Patients with jSLE without neuropsychiatric involvement had significantly reduced proportion of TRAIL [median: 14.5% (range: 0.2–98.3) vs. median: 51.9% (range: 20.3–76.3), p = 0.03] and Bcl-2–expressing NK cells [median: 79.4% (range: 1.0–100.0) vs. median: 94.8% (range: 87.6–100.0), p = 0.03] as well as reduced density of TNFR1 protein in NK cells [median MFI: 303.0 (180.0–3,346.0) vs. median MFI: 886.0 (337.0–3,532.0), p = 0.02] when compared to healthy controls. Patients with jSLE with neuropsychiatric involvement had similar NK cell percentage when compared to healthy controls [median: 11.8% (range: 3.9–16.8) vs. 11.1% (range: 4.2–26.7), p = 0.8]. Significant comparisons are shown in Figure 4.

3.7 Relations with corticosteroid treatment

Fifteen (41.7%) patients with jSLE and 5 (38.5%) patients with JDM were taking prednisone. We performed this analysis to clarify possible confounding caused by treatment. NK cell percentage and apoptosis-related protein expressions did not differ when comparing the five groups as well as when comparing patients with JDM taking or not prednisone and healthy controls (data not shown). Otherwise, patients with jSLE taking prednisone had significantly reduced proportions of Bcl-2–expressing NK cells [median: 81.5% (range: 1.0–97.8) vs. median: 94.8% (87.6–100.0), p = 0.02] and reduced density of TNFR1 protein in NK cells [median: MFI 337.5 (257.0–1,061.0) vs. median MFI: 886.0 (337.0–3,532.0), p = 0.03] when compared to healthy controls as well as increased density of Bim protein in NK cells [median MFI: 1,182.0 (761.0–16,600.0) vs. median MFI: 643.0 (2.9–8,411.0) p = 0.04] when compared to those not taking prednisone.

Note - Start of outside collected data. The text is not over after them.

(* Consider the analog decentralized learning protocol described in the context, with arbitrary step sizes $\eta^{(t)}>0$, $\zeta^{(t)}\ge 0$ and arbitrary transmit powers $P^{(t)}>0$. Then for every iteration $t\ge 0$ and every device $i\in\mathcal{V}$, the analog consensus update $$\boldsymbol\theta_i^{(t+1)}=\boldsymbol\theta_i^{(t+1/2)}+\zeta^{(t)}\big(w_{ii}\hat{\boldsymbol\theta}_i^{(t+1)}+\hat{\boldsymbol y}_i^{(t+1)}-\hat{\boldsymbol\theta}_i^{(t+1)}\big)$$ is equivalent to $$\boldsymbol\theta_i^{(t+1)}=\boldsymbol\theta_i^{(t+1/2)}+\zeta^{(t)}\sum_{j\in\mathcal{N}_i\cup\{i\}}w_{ij}\big(\hat{\boldsymbol\theta}_j^{(t+1)}-\hat{\boldsymbol\theta}_i^{(t+1)}\big)+\zeta^{(t)}\sum_{\tau=0}^{t}\frac{m}{d}(\boldsymbol A^{(\tau)})^T\tilde{\boldsymbol n}_i^{(\tau)},$$ where $\tilde{\boldsymbol n}_i^{(\tau)}\in\mathbb{R}^{m}$ is an effective noise vector which (conditionally on the fading coefficients and on the vectors $\boldsymbol u_j^{(\tau)}$) is distributed as $\mathcal{N}(\boldsymbol 0,\tilde N_{0i}^{(\tau)}\boldsymbol I)$ with $$\tilde N_{0i}^{(t)}=\frac{1}{2}\frac{N_0}{NP^{(t)}}\Bigg(\sum_{s\in\mathcal{S}_i^{\rm AR}}\max_{j\in\mathcal{N}_i^{(s)}}\Big\{|\mathcal{S}_j^{\rm Tx}|\,w_{ij}^2\frac{\|\boldsymbol u_j^{(t)}\|^2}{|h_{ij}^{\prime(t)}|^2}\Big\}+\sum_{s\in\mathcal{S}_i^{\rm BR}}|\mathcal{S}_{j_s}^{\rm Tx}|\,w_{ij_s}^2\frac{\|\boldsymbol u_{j_s}^{(t)}\|^2}{|h_{ij_s}^{\prime(t)}|^2}\Bigg),$$ with $\boldsymbol u_j^{(t)}=\boldsymbol\theta_j^{(t+1/2)}-\hat{\boldsymbol\theta}_j^{(t)}$ and $j_s$ the (unique) neighbor of $i$ broadcasting to $i$ in slot $s\in\mathcal{S}_i^{\rm BR}$.
   Context: Setting. $K$ devices $\mathcal{V}=\{1,\dots,K\}$ form a connected undirected graph $\mathcal{G}(\mathcal{V},\mathcal{E})$; $\mathcal{N}_i$ is the neighbor set of $i$. $\boldsymbol W=\boldsymbol W^T\in\mathbb{R}^{K\times K}$ is a doubly stochastic mixing matrix with entries $w_{ij}\ge 0$, $w_{ij}=0$ if $j\notin\mathcal{N}_i\cup\{i\}$, and $\|\boldsymbol W-\boldsymbol 1\boldsymbol 1^T/K\|_2<1$. Each device $i$ has a local function $f_i:\mathbb{R}^d\to\mathbb{R}$ and a stochastic (mini-batch) gradient $\hat\nabla f_i$. Compression (random linear coding). Let $m\le d$ and $\boldsymbol H\in\{\pm1\}^{m\times d}$ with $\frac1d\boldsymbol H\boldsymbol H^T=\boldsymbol I$. For each iteration $t$, $\boldsymbol A^{(t)}=\frac{1}{\sqrt m}\boldsymbol H\boldsymbol R^{(t)}$ where $\boldsymbol R^{(t)}$ is diagonal with i.i.d. entries uniform on $\{\pm1\}$, shared by all devices. Channels. For $(i,j)\in\mathcal{E}$, $h_{ij}^{\prime(t)}\in\mathbb{C}\setminus\{0\}$ is the channel coefficient between $i$ and $j$ in iteration $t$ (constant within the iteration). Each iteration uses a communication block of $N$ channel uses split into $M=2n$ slots of $m=N/M$ channel uses each; each device has energy budget $NP^{(t)}$ per block. Received noise vectors $\boldsymbol n_j^{(t,s)}\sim\mathcal{CN}(\boldsymbol 0,N_0\boldsymbol I_m)$ are i.i.d. over devices, slots and iterations, independent of everything else. Schedule. Each device $i$ has disjoint sets of odd slots $\mathcal{S}_i^{\rm AT}$ (transmit in AirComp mode), $\mathcal{S}_i^{\rm AR}$ (receive in AirComp mode, as a center node), and even slots $\mathcal{S}_i^{\rm BT}$ (broadcast), $\mathcal{S}_i^{\rm BR}$ (receive a broadcast); $\mathcal{S}_i^{\rm Tx}=\mathcal{S}_i^{\rm AT}\cup\mathcal{S}_i^{\rm BT}$. For $s\in\mathcal{S}_j^{\rm AR}$, $\mathcal{N}_j^{(s)}\subseteq\mathcal{N}_j$ is the set of neighbors of $j$ transmitting to $j$ in AirComp mode in slot $s$; for $s\in\mathcal{S}_j^{\rm BR}$ there is exactly one neighbor $i_s\in\mathcal{N}_j$ broadcasting to $j$ in slot $s$. For each $j$, the sets $\mathcal{N}_j^{(s)}$ ($s\in\mathcal{S}_j^{\rm AR}$) and the singletons $\{i_s\}$ ($s\in\mathcal{S}_j^{\rm BR}$) partition $\mathcal{N}_j$. Protocol. Initialize $\boldsymbol\theta_i^{(0)}$ arbitrary, $\hat{\boldsymbol\theta}_i^{(0)}=\boldsymbol 0$, $\hat{\boldsymbol y}_i^{(0)}=\boldsymbol 0$. At iteration $t$: (1) $\boldsymbol\theta_i^{(t+1/2)}=\boldsymbol\theta_i^{(t)}-\eta^{(t)}\hat\nabla f_i(\boldsymbol\theta_i^{(t)})$ and $\boldsymbol u_i^{(t)}=\boldsymbol\theta_i^{(t+1/2)}-\hat{\boldsymbol\theta}_i^{(t)}$. (2) Odd slot $s\in\mathcal{S}_j^{\rm AR}$: each $i\in\mathcal{N}_j^{(s)}$ sends $\boldsymbol x_{ij}^{(t,s)}=\frac{\sqrt{\gamma_j^{(t,s)}}}{h_{ij}^{\prime(t)}}w_{ji}\boldsymbol A^{(t)}\boldsymbol u_i^{(t)}$, $j$ receives $\boldsymbol y_j^{(t,s)}=\sqrt{\gamma_j^{(t,s)}}\sum_{i\in\mathcal{N}_j^{(s)}}w_{ji}\boldsymbol A^{(t)}\boldsymbol u_i^{(t)}+\boldsymbol n_j^{(t,s)}$ and forms $\hat{\boldsymbol y}_j^{(t,s)}=\frac md(\boldsymbol A^{(t)})^T\Re\{\boldsymbol y_j^{(t,s)}/\sqrt{\gamma_j^{(t,s)}}\}$. (3) Even slot $s\in\mathcal{S}_i^{\rm BT}$: $i$ sends $\boldsymbol x_i^{(t,s)}=\sqrt{\alpha_i^{(t,s)}}\boldsymbol A^{(t)}\boldsymbol u_i^{(t)}$; each receiving neighbor $j$ gets $\boldsymbol y_{ij}^{(t,s)}=\sqrt{\alpha_i^{(t,s)}}h_{ij}^{\prime(t)}\boldsymbol A^{(t)}\boldsymbol u_i^{(t)}+\boldsymbol n_j^{(t,s)}$ and forms $\hat{\boldsymbol y}_{ij}^{(t,s)}=w_{ji}\frac md(\boldsymbol A^{(t)})^T\Re\{\boldsymbol y_{ij}^{(t,s)}/(\sqrt{\alpha_i^{(t,s)}}h_{ij}^{\prime(t)})\}$. (4) $\hat{\boldsymbol y}_j^{(t+1)}=\hat{\boldsymbol y}_j^{(t)}+\sum_{s\in\mathcal{S}_j^{\rm AR}}\hat{\boldsymbol y}_j^{(t,s)}+\sum_{s\in\mathcal{S}_j^{\rm BR}}\hat{\boldsymbol y}_{i_sj}^{(t,s)}$, $\hat{\boldsymbol\theta}_j^{(t+1)}=\hat{\boldsymbol\theta}_j^{(t)}+\frac md(\boldsymbol A^{(t)})^T\boldsymbol A^{(t)}\boldsymbol u_j^{(t)}$, and $\boldsymbol\theta_j^{(t+1)}=\boldsymbol\theta_j^{(t+1/2)}+\zeta^{(t)}(w_{jj}\hat{\boldsymbol\theta}_j^{(t+1)}+\hat{\boldsymbol y}_j^{(t+1)}-\hat{\boldsymbol\theta}_j^{(t+1)})$. Power scaling (equal power per transmit slot, with the constraints $\mathbb{E}_{\boldsymbol A}\|\boldsymbol x\|^2\le NP^{(t)}/|\mathcal{S}_i^{\rm Tx}|$ met with the largest feasible factors): $\gamma_j^{(t,s)}=\min_{i\in\mathcal{N}_j^{(s)}}\frac{NP^{(t)}|h_{ij}^{\prime(t)}|^2}{|\mathcal{S}_i^{\rm Tx}|w_{ji}^2\|\boldsymbol u_i^{(t)}\|^2}$ and $\alpha_i^{(t,s)}=\frac{NP^{(t)}}{|\mathcal{S}_i^{\rm Tx}|\|\boldsymbol u_i^{(t)}\|^2}$ (assumed well defined). *)

theory Defs
  imports "HOL-Analysis.Analysis" "HOL-Probability.Probability"
begin

text \<open>
  'v : device index type (K = CARD('v) devices), 'd : model dimension index (d = CARD('d)),
  'm : code length index (m = CARD('m)).  Slots are natural numbers 1..M with M = 2*nh.
  Convention: W i j = w_ij ; hc t i j = channel coefficient h'_ij in iteration t
  (i = transmitter, j = receiver in the protocol formulas); noise t s j = n_j^(t,s).
\<close>

record ('v, 'd, 'm) lsys =
  Wt    :: "'v \<Rightarrow> 'v \<Rightarrow> real"
  Nb    :: "'v \<Rightarrow> 'v set"
  Hm    :: "real^'d^'m"
  Rd    :: "nat \<Rightarrow> real^'d"
  hc    :: "nat \<Rightarrow> 'v \<Rightarrow> 'v \<Rightarrow> complex"
  nh    :: nat
  SAT   :: "'v \<Rightarrow> nat set"
  SAR   :: "'v \<Rightarrow> nat set"
  SBT   :: "'v \<Rightarrow> nat set"
  SBR   :: "'v \<Rightarrow> nat set"
  NA    :: "'v \<Rightarrow> nat \<Rightarrow> 'v set"
  src   :: "'v \<Rightarrow> nat \<Rightarrow> 'v"
  Pw    :: "nat \<Rightarrow> real"
  N0    :: real
  eta   :: "nat \<Rightarrow> real"
  zeta  :: "nat \<Rightarrow> real"
  grad  :: "nat \<Rightarrow> 'v \<Rightarrow> real^'d \<Rightarrow> real^'d"
  theta0 :: "'v \<Rightarrow> real^'d"
  noise :: "nat \<Rightarrow> nat \<Rightarrow> 'v \<Rightarrow> complex^'m"

definition dd :: "('v,'d::finite,'m::finite) lsys \<Rightarrow> real" where
  "dd S = real CARD('d)"

definition mm :: "('v,'d::finite,'m::finite) lsys \<Rightarrow> real" where
  "mm S = real CARD('m)"

definition Mslots :: "('v,'d::finite,'m::finite) lsys \<Rightarrow> nat" where
  "Mslots S = 2 * nh S"

definition Nuse :: "('v,'d::finite,'m::finite) lsys \<Rightarrow> real" where
  "Nuse S = real (Mslots S) * real CARD('m)"

definition Tx :: "('v,'d::finite,'m::finite) lsys \<Rightarrow> 'v \<Rightarrow> nat set" where
  "Tx S i = SAT S i \<union> SBT S i"

definition diagm :: "real^'n \<Rightarrow> real^'n^'n" where
  "diagm r = (\<chi> i j. if i = j then r $ i else 0)"

definition Amat :: "('v,'d::finite,'m::finite) lsys \<Rightarrow> nat \<Rightarrow> real^'d^'m" where
  "Amat S t = (1 / sqrt (mm S)) *\<^sub>R (Hm S ** diagm (Rd S t))"

definition cvec :: "real^'n \<Rightarrow> complex^'n" where
  "cvec x = (\<chi> k. complex_of_real (x $ k))"

definition Re_vec :: "complex^'n \<Rightarrow> real^'n" where
  "Re_vec z = (\<chi> k. Re (z $ k))"

definition decomp :: "('v,'d::finite,'m::finite) lsys \<Rightarrow> nat \<Rightarrow> real^'m \<Rightarrow> real^'d" where
  "decomp S t x = (mm S / dd S) *\<^sub>R (transpose (Amat S t) *v x)"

Patients with jSLE not taking prednisone had significantly reduced proportion of Bcl-2–expressing NK cells [median: 80.0% (range: 2.5–100.0 vs. median: 94.8% (range: 87.6–100.0), p = 0.03] and reduced MFI of Bim protein in NK cells [median MFI: 643.0 (2.9–8,411.0) vs. median MFI: 1,414.0 (428.0–2,136.0), p = 0.03] when compared to healthy controls. Patients with jSLE taking prednisone had NK cell percentage similar to healthy controls [median: 10.2% (range: 1.5–20.9) vs. median: 11.1% (range: 4.2–26.7), p=0.5]. Significant comparisons are shown in Figure 4.

4 Discussion

To the best of our knowledge, this is the first study to simultaneously assess the expression of eight apoptosis-related proteins in NK cells of patients with jSLE. We found that NK cells of patients with jSLE have a profile characterized by reduced TRAIL, Bcl-2, and TNFR1 expressions when compared to those of healthy controls and increased caspase-3 expression when compared to those of JDM controls. Reduced TRAIL and Bcl-2 expressions were also observed in patients with jSLE with active disease. In addition, FasL expression correlated directly with the SLEDAI-2K score and inversely with C3 levels. Reduced TRAIL, Bcl-2, TNFR1, and Bax expressions were observed in patients with positive anti-dsDNA. Otherwise, patients with jSLE with negative anti-dsDNA had reduced Bim expression. Reduced TRAIL, Bcl-2, TNFR1, and Fas expressions occurred in patients with nephritis. Moreover, reduced TRAIL, Bcl-2, and TNFR1 expressions were also observed in patients without neuropsychiatric involvement. Yet, patients with jSLE had the frequency of NK cells similar to healthy controls and increased when compared to JDM controls.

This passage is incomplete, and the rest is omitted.